Stored data >>
....
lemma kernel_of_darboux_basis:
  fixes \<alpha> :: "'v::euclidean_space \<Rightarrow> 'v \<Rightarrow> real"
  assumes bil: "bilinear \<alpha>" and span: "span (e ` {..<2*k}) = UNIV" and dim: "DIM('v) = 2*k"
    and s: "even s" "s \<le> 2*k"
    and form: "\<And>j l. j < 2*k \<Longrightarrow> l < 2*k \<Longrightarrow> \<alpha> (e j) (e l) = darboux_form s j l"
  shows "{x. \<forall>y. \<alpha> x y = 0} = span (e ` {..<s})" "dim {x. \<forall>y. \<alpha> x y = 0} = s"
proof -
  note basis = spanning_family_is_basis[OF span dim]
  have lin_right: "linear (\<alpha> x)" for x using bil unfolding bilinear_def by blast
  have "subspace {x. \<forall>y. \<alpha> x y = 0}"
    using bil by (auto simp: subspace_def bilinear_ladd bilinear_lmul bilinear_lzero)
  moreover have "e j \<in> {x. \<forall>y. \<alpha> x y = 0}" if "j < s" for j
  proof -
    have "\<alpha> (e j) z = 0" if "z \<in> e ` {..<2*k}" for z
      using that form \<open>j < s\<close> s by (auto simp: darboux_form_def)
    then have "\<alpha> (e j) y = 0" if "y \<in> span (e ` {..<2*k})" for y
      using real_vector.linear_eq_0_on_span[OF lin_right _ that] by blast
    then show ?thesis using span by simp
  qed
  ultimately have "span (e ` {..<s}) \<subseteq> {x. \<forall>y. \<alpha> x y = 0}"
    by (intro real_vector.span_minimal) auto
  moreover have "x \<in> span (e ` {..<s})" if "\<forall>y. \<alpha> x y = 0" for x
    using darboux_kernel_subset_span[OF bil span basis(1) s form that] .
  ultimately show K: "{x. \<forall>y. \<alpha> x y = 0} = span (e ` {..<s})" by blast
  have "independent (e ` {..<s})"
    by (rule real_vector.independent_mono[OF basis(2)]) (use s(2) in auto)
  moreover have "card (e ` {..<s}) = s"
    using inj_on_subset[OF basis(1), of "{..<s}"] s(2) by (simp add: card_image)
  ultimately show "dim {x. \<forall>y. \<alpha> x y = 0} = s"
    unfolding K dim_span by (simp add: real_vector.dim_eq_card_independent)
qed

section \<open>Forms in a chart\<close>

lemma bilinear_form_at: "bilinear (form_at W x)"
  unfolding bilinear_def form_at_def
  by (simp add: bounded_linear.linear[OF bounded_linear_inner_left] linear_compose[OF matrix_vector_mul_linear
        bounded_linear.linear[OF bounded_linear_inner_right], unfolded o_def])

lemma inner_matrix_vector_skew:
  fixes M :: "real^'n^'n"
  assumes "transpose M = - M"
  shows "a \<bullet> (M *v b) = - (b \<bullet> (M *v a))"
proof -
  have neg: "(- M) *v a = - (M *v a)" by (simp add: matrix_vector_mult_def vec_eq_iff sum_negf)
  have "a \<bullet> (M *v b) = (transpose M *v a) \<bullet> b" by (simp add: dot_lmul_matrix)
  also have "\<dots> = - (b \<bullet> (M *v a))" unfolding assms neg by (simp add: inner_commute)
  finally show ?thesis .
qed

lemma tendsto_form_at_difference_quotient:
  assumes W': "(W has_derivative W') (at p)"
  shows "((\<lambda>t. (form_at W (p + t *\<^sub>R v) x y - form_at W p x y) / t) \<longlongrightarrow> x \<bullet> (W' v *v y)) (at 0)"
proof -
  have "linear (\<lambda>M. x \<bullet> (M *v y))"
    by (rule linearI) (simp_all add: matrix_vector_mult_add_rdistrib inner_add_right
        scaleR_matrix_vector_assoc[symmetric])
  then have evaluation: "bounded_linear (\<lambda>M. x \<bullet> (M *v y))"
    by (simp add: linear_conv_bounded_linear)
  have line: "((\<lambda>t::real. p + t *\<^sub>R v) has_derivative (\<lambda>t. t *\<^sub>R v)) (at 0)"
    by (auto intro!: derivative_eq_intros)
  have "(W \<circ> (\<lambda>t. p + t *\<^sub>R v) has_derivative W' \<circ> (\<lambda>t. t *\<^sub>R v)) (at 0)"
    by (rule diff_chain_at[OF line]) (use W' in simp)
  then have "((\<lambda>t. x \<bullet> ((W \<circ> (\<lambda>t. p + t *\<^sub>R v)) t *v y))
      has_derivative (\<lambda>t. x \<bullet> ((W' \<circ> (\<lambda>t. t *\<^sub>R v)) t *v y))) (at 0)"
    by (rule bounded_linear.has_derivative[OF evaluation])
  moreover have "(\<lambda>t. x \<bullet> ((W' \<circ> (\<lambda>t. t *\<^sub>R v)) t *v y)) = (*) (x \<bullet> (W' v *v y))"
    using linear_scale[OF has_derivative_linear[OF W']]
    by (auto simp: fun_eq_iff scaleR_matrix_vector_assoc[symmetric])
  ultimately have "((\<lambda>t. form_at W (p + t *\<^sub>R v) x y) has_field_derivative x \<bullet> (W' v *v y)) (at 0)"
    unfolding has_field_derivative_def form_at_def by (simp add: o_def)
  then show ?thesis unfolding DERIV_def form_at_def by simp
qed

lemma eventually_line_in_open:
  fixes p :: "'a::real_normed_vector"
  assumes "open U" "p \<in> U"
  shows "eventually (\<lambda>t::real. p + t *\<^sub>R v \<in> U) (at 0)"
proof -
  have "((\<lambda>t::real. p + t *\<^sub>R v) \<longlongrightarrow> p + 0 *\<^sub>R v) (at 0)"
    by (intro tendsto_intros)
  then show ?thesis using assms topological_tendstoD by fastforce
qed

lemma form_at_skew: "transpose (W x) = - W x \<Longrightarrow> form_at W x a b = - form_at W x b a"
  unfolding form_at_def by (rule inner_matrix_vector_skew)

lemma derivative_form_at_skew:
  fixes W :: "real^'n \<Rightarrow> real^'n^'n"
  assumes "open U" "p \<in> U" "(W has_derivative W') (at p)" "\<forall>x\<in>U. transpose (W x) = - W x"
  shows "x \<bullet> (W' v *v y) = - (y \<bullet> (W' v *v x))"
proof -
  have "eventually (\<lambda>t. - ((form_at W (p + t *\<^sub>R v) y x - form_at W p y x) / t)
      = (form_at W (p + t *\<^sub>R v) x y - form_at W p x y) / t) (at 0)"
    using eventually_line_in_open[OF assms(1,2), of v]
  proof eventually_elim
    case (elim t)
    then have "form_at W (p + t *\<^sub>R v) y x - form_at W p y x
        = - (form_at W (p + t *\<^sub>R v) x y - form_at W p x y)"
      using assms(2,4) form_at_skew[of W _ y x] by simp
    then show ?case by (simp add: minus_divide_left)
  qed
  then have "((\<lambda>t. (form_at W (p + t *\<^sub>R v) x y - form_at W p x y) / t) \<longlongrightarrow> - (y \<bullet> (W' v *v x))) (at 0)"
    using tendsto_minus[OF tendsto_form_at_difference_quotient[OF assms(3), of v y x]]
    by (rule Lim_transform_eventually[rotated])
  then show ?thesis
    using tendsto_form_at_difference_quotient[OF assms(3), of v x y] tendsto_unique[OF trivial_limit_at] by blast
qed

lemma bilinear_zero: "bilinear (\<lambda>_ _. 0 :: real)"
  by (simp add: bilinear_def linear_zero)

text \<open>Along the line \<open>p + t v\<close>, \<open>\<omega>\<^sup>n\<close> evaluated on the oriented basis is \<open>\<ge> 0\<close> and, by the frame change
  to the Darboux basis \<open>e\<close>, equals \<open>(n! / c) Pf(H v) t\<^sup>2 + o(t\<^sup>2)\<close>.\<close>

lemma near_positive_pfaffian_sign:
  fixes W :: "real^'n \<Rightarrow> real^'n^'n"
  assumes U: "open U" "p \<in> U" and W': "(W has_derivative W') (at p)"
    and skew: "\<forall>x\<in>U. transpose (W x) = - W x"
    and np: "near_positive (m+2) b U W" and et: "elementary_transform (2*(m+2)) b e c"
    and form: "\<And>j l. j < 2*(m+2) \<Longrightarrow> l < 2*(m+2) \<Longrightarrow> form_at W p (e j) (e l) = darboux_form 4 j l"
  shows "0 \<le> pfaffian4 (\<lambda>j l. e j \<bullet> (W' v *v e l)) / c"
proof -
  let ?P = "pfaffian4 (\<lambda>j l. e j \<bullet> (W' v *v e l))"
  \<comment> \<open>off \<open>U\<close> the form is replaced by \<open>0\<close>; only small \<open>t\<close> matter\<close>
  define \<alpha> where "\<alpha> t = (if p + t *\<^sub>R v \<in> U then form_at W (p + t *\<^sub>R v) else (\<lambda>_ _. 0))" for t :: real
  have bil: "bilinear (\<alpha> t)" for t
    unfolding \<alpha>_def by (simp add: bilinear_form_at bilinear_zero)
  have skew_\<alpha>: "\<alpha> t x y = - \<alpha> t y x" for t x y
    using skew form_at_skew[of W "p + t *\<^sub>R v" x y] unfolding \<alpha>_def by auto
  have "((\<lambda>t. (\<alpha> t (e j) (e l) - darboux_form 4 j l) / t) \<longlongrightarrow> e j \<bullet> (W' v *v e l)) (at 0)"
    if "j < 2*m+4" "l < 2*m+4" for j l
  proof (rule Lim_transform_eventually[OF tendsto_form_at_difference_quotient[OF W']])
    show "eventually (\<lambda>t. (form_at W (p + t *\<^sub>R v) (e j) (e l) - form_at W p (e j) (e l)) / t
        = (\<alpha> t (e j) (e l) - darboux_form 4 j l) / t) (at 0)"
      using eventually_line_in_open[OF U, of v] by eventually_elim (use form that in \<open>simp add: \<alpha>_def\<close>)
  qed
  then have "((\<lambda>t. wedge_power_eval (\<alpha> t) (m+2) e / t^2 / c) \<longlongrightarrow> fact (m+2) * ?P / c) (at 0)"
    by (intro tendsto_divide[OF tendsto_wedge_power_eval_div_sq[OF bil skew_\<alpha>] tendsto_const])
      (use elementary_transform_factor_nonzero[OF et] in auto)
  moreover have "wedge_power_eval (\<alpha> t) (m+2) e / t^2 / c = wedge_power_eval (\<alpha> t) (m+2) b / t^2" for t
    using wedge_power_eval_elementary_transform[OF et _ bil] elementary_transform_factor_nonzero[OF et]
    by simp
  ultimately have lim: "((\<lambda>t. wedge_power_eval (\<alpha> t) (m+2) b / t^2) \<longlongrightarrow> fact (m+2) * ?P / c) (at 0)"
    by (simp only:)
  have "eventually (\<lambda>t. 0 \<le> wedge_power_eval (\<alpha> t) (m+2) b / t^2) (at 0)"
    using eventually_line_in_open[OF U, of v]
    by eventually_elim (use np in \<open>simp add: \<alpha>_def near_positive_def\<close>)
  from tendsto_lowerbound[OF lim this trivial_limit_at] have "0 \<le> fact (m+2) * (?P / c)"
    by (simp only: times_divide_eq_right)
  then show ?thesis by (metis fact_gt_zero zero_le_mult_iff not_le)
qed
....
Report each line of the data that includes the string "only".

  \<comment> \<open>off \<open>U\<close> the form is replaced by \<open>0\<close>; only small \<open>t\<close> matter\<close>
    by (simp only:)
    by (simp only: times_divide_eq_right)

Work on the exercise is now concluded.